David Upton, 72, uncovered the small box, filled to the brim with gold and silver jewellery and a range of precious and semi-precious stones, whilst sweeping a field last week.
David, who has been metal detecting for more than 50 years, has learnt to keep the location of his finds a closely-guarded secret, but did reveal that the unassuming box was found on farmland somewhere near Frenchay.
The box was locked firmly shut, and so David had to wait until he arrived home to prise open the lid.
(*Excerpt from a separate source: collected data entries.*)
lemma card_nb_dart_walks_Suc:
  assumes "finite (darts E)" and "d' \<in> darts E"
  shows "card (nb_dart_walks E (Suc k) d d') =
    (\<Sum>d''\<in>{d''\<in>darts E. nb_step d'' d'}. card (nb_dart_walks E k d d''))"
proof -
  have disjoint: "(\<lambda>ds. ds @ [d']) ` nb_dart_walks E k d d\<^sub>1 \<inter>
      (\<lambda>ds. ds @ [d']) ` nb_dart_walks E k d d\<^sub>2 = {}" if "d\<^sub>1 \<noteq> d\<^sub>2" for d\<^sub>1 d\<^sub>2
    using that by (auto simp: nb_dart_walks_def)
  show ?thesis
    unfolding nb_dart_walks_Suc[OF assms(2)]
    by (subst card_UN_disjoint)
      (auto simp: assms(1) finite_nb_dart_walks disjoint card_image inj_on_def)
qed

(* A closed walk of length l as a cyclic dart sequence: its l darts followed by the base dart
   again, so that the condition at the basepoint becomes one more nb_step. *)
definition closing_darts :: "nat \<Rightarrow> 'a list \<Rightarrow> ('a \<times> 'a) list" where
  "closing_darts l ys = map (\<lambda>i. (ys ! i, ys ! Suc i)) [0..<l] @ [(ys ! 0, ys ! 1)]"

lemma length_closing_darts [simp]: "length (closing_darts l ys) = Suc l"
  by (simp add: closing_darts_def)

lemma nth_closing_darts:
  "i \<le> l \<Longrightarrow> closing_darts l ys ! i = (if i < l then (ys ! i, ys ! Suc i) else (ys ! 0, ys ! 1))"
  by (simp add: closing_darts_def nth_append)

lemma closing_darts_map_fst:
  assumes "ds \<in> nb_dart_walks E l d d" and "1 \<le> l"
  shows "closing_darts l (map fst ds) = ds"
proof (rule nth_equalityI)
  from assms(1) have ds: "length ds = Suc l" "ds ! 0 = d" "ds ! l = d"
    "\<And>i. i < l \<Longrightarrow> nb_step (ds ! i) (ds ! Suc i)"
    by (simp_all add: nb_dart_walks_conv_nth)
  then show "length (closing_darts l (map fst ds)) = length ds"
    by simp
  fix i
  assume "i < length (closing_darts l (map fst ds))"
  then have "i \<le> l"
    by simp
  show "closing_darts l (map fst ds) ! i = ds ! i"
  proof (cases "i < l")
    case True
    then show ?thesis
      using ds(1) ds(4)[OF True] by (simp add: nth_closing_darts nb_step_def prod_eq_iff)
  next
    case False
    then show ?thesis
      using \<open>i \<le> l\<close> ds(1-3) ds(4)[of 0] assms(2)
      by (simp add: nth_closing_darts nb_step_def prod_eq_iff)
  qed
qed

lemma map_fst_closing_darts:
  assumes "closed_nb_walk E l ys"
  shows "map fst (closing_darts l ys) = ys"
proof (rule nth_equalityI)
  from assms have ys: "length ys = Suc l" "ys ! l = ys ! 0"
    by (auto simp: closed_nb_walk_def)
  then show "length (map fst (closing_darts l ys)) = length ys"
    by simp
  fix i
  assume "i < length (map fst (closing_darts l ys))"
  then have "i \<le> l"
    by simp
  then show "map fst (closing_darts l ys) ! i = ys ! i"
    using ys(2) by (cases "i < l") (simp_all add: nth_closing_darts)
qed

lemma closed_nb_walk_map_fst:
  assumes "ds \<in> nb_dart_walks E l d d" and "1 \<le> l"
  shows "closed_nb_walk E l (map fst ds) \<and> (map fst ds ! 0, map fst ds ! 1) = d"
proof -
  from assms(1) have ds: "length ds = Suc l" "ds ! 0 = d" "ds ! l = d"
    "\<And>i. i \<le> l \<Longrightarrow> ds ! i \<in> darts E" "\<And>i. i < l \<Longrightarrow> nb_step (ds ! i) (ds ! Suc i)"
    by (simp_all add: nb_dart_walks_conv_nth)
  have link: "fst (ds ! Suc i) = snd (ds ! i)" if "i < l" for i
    using ds(5)[OF that] by (simp add: nb_step_def)
  have "E (fst (ds ! i)) (fst (ds ! Suc i))" if "i < l" for i
    using ds(4)[of i] link[OF that] that by (auto simp: darts_def)
  moreover have "fst (ds ! (i + 2)) \<noteq> fst (ds ! i)" if "i + 2 \<le> l" for i
    using ds(5)[of "Suc i"] ds(5)[of i] that by (simp add: nb_step_def)
  moreover have "fst (ds ! (l - 1)) \<noteq> fst (ds ! 1)"
    using ds(5)[of "l - 1"] link[of 0] ds(2,3) assms(2) by (auto simp: nb_step_def)
  moreover have "(fst (ds ! 0), fst (ds ! 1)) = d"
    using link[of 0] ds(2) assms(2) by simp
  ultimately show ?thesis
    using ds(1-3) assms(2) by (simp add: closed_nb_walk_def)
qed

lemma closing_darts_in_nb_dart_walks:
  assumes "closed_nb_walk E l ys" and "1 \<le> l"
  shows "closing_darts l ys \<in> nb_dart_walks E l (ys ! 0, ys ! 1) (ys ! 0, ys ! 1)"
proof -
  from assms(1) have ys: "ys ! l = ys ! 0" "\<And>i. i < l \<Longrightarrow> E (ys ! i) (ys ! Suc i)"
    "\<And>i. i + 2 \<le> l \<Longrightarrow> ys ! (i + 2) \<noteq> ys ! i" "ys ! (l - 1) \<noteq> ys ! 1"
    by (auto simp: closed_nb_walk_def)
  have "closing_darts l ys ! i \<in> darts E" if "i \<le> l" for i
    using ys(2)[of i] ys(2)[of 0] that assms(2) by (auto simp: nth_closing_darts darts_def)
  moreover have "nb_step (closing_darts l ys ! i) (closing_darts l ys ! Suc i)" if "i < l" for i
  proof (cases "Suc i < l")
    case True
    then show ?thesis
      using ys(3)[of i] that by (simp add: nth_closing_darts nb_step_def)
  next
    case False
    then have "i = l - 1" "Suc i = l"
      using that by auto
    then show ?thesis
      using ys(1,4) by (simp add: nth_closing_darts nb_step_def)
  qed
  ultimately show ?thesis
    using assms(2) by (simp add: nb_dart_walks_conv_nth nth_closing_darts)
qed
Once inside, he was amazed by what he had found – dozens of individual pieces of jewellery, including gold and silver pieces such as rings, earrings, brooches, and pendants, and a large number of loose stones.
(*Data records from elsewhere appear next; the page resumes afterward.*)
lemma fA_horizontal_integral_bound:
  fixes \<phi> :: "real \<Rightarrow> complex"
  assumes \<alpha>: "0 < \<alpha>" "\<alpha> < 1" and x: "0 < x" and L: "L = T + \<alpha> * ln x" "5 * \<alpha> \<le> \<bar>L\<bar>"
    and b: "\<bar>b\<bar> = 4 * \<alpha> * pi * \<bar>L\<bar>" and h: "0 < h"
    and \<phi>: "continuous_on {h..} \<phi>" "\<And>t. norm (\<phi> t) \<le> 1"
  defines "F \<equiv> \<lambda>t. fA \<alpha> T (Complex t b) x * \<phi> t"
  shows "F integrable_on {h..}"
    and "norm (integral {h..} F) \<le> 4 * (sin (\<alpha> * pi) / (\<alpha> * pi) * x powr \<alpha>) / (1 - \<alpha>)"
proof -
  define K where "K = sin (\<alpha> * pi) / (\<alpha> * pi) * x powr \<alpha>"
  define G where "G = (\<lambda>k t. K * (exp (k * (re_sqrt b t - L)) * (2 * re_sqrt b t / sqrt (t\<^sup>2 + b\<^sup>2))))"
  define k where "k = 1 - 1 / \<alpha>"
  have "b \<noteq> 0" using b \<alpha> L(2) by auto
  have K: "0 \<le> K" unfolding K_def using \<alpha> by (simp add: sin_ge_zero)
  have k: "k < 0" "- 4 / k = 4 * \<alpha> / (1 - \<alpha>)" unfolding k_def using \<alpha> by (simp_all add: field_simps)
  have F_le: "norm (F t) \<le> G j t" if "t \<in> {h..}" "j = 1 \<or> j = k" for t j
  proof -
    have "norm (F t) \<le> norm (fA \<alpha> T (Complex t b) x)"
      unfolding F_def norm_mult using \<phi>(2)[of t] by (simp add: mult_left_le)
    also have "\<dots> \<le> G j t"
      using norm_fA_horizontal_le[OF \<alpha> x L b _ that(2)[unfolded k_def]] that(1) h
      unfolding G_def K_def by (simp add: mult.assoc)
    finally show ?thesis .
  qed
  have F_cont: "continuous_on S F" if "S \<subseteq> {h..}" for S
    unfolding F_def using continuous_on_fA_horizontal[OF \<alpha>(1) x L b] continuous_on_subset[OF \<phi>(1) that]
    by (intro continuous_on_mult) auto
  \<comment> \<open>below t1 the envelope with k = 1 is integrated, beyond t1 the one with k < 0\<close>
  obtain t1 where t1: "h \<le> t1" "L \<le> re_sqrt b t1" "t1 = h \<or> re_sqrt b t1 = L"
    using re_sqrt_level_point[OF \<open>b \<noteq> 0\<close>] .
  obtain I1 where I1: "I1 \<le> 4" "(G 1 has_integral K * I1) {h..t1}"
    using has_integral_exp_re_sqrt_below_level[OF \<open>b \<noteq> 0\<close> t1(1,3)] unfolding G_def
    by (blast dest: has_integral_mult_right[where c = K])
  obtain I2 where I2: "I2 \<le> 4 * \<alpha> / (1 - \<alpha>)" "(G k has_integral K * I2) {t1..}"
    using has_integral_exp_re_sqrt_above_level[OF \<open>b \<noteq> 0\<close> k(1) t1(2)] unfolding G_def k(2)
    by (blast dest: has_integral_mult_right[where c = K])
  have int1: "F integrable_on {h..t1}" "norm (integral {h..t1} F) \<le> K * I1"
    using continuous_on_dominated_integral[OF F_cont _ I1(2)] F_le by auto
  have int2: "F integrable_on {t1..}" "norm (integral {t1..} F) \<le> K * I2"
    using continuous_on_dominated_integral[OF F_cont _ I2(2)] F_le t1(1) by auto
  have "K * I1 + K * I2 \<le> K * 4 + K * (4 * \<alpha> / (1 - \<alpha>))"
    using I1(1) I2(1) K by (intro add_mono mult_left_mono)
  also have "\<dots> = 4 * K / (1 - \<alpha>)" using \<alpha> by (simp add: field_simps)
  finally have "norm (integral {h..t1} F) + norm (integral {t1..} F) \<le> 4 * K / (1 - \<alpha>)"
    using int1(2) int2(2) by linarith
  then show "F integrable_on {h..}" "norm (integral {h..} F) \<le> 4 * K / (1 - \<alpha>)"
    using integral_atLeast_split[OF t1(1) int1(1) int2(1)] norm_triangle_ineq order_trans
    by metis+
qed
David said: “Once I finally got it open I was very surprised – I have found a lot of different objects in my time but nothing quite like this.
“It was a bit like stumbling upon treasure, tucked away in this very plain box.
“I can’t imagine who would have left it there buried in the field, and I don’t suppose I’ll ever find out why.
“It’s very interesting to think about who it would have once belonged to, and how it came to all end up together in once box like that.
“You never know what you are going to find.”
As a long-time enthusiast David is well-versed in valuing his finds, and took the haul to be evaluated at a shop he has frequently visited for valuations in St Nicholas Market.
It was there he learnt that the box contained a number of antique pieces, including several gold and silver St Christopher pendants and other gold jewelery embedded with precious and semi-precious stones.
It is thought that a number of the pieces found in the box hail from the Victorian era.
The gems he found at the bottom of the box were also found to be a range of rubies, sapphires, opals, amethysts, and emeralds, as well as several rare ‘Bristol diamonds’, a type of quartz commonly used in jewellery of the 16th century.
Some pieces were found to be 14 or 18 carat gold – making them much more valuable than the type of objects commonly stumbled upon by metal detectorists.
David said: “I thought a lot of it would be costume jewelery, so I was really surprised to hear that quite a lot is genuine.
“It’s a real mixture of different things, some more valuable than others, but it was interesting to hear that some of the pieces could be quite old.
“I missed the stones at first, they were hidden under all the other jewellery and were quite tucked away – some of them are no bigger than the eye of a needle.
“The person who evaluated the stones said that the box may well have belonged to somebody who was interest in making or refurbishing jewelery, and that’s why there are so many different pieces and little stones.”
David hit headlines last June when he managed to unearth a huge sword on farmland near Bristol, which was thought to have been more than 200 years old and potentially used during the Napoleonic Wars.
An expert from the British Museum said at the time that the artifact could have seen action in battle.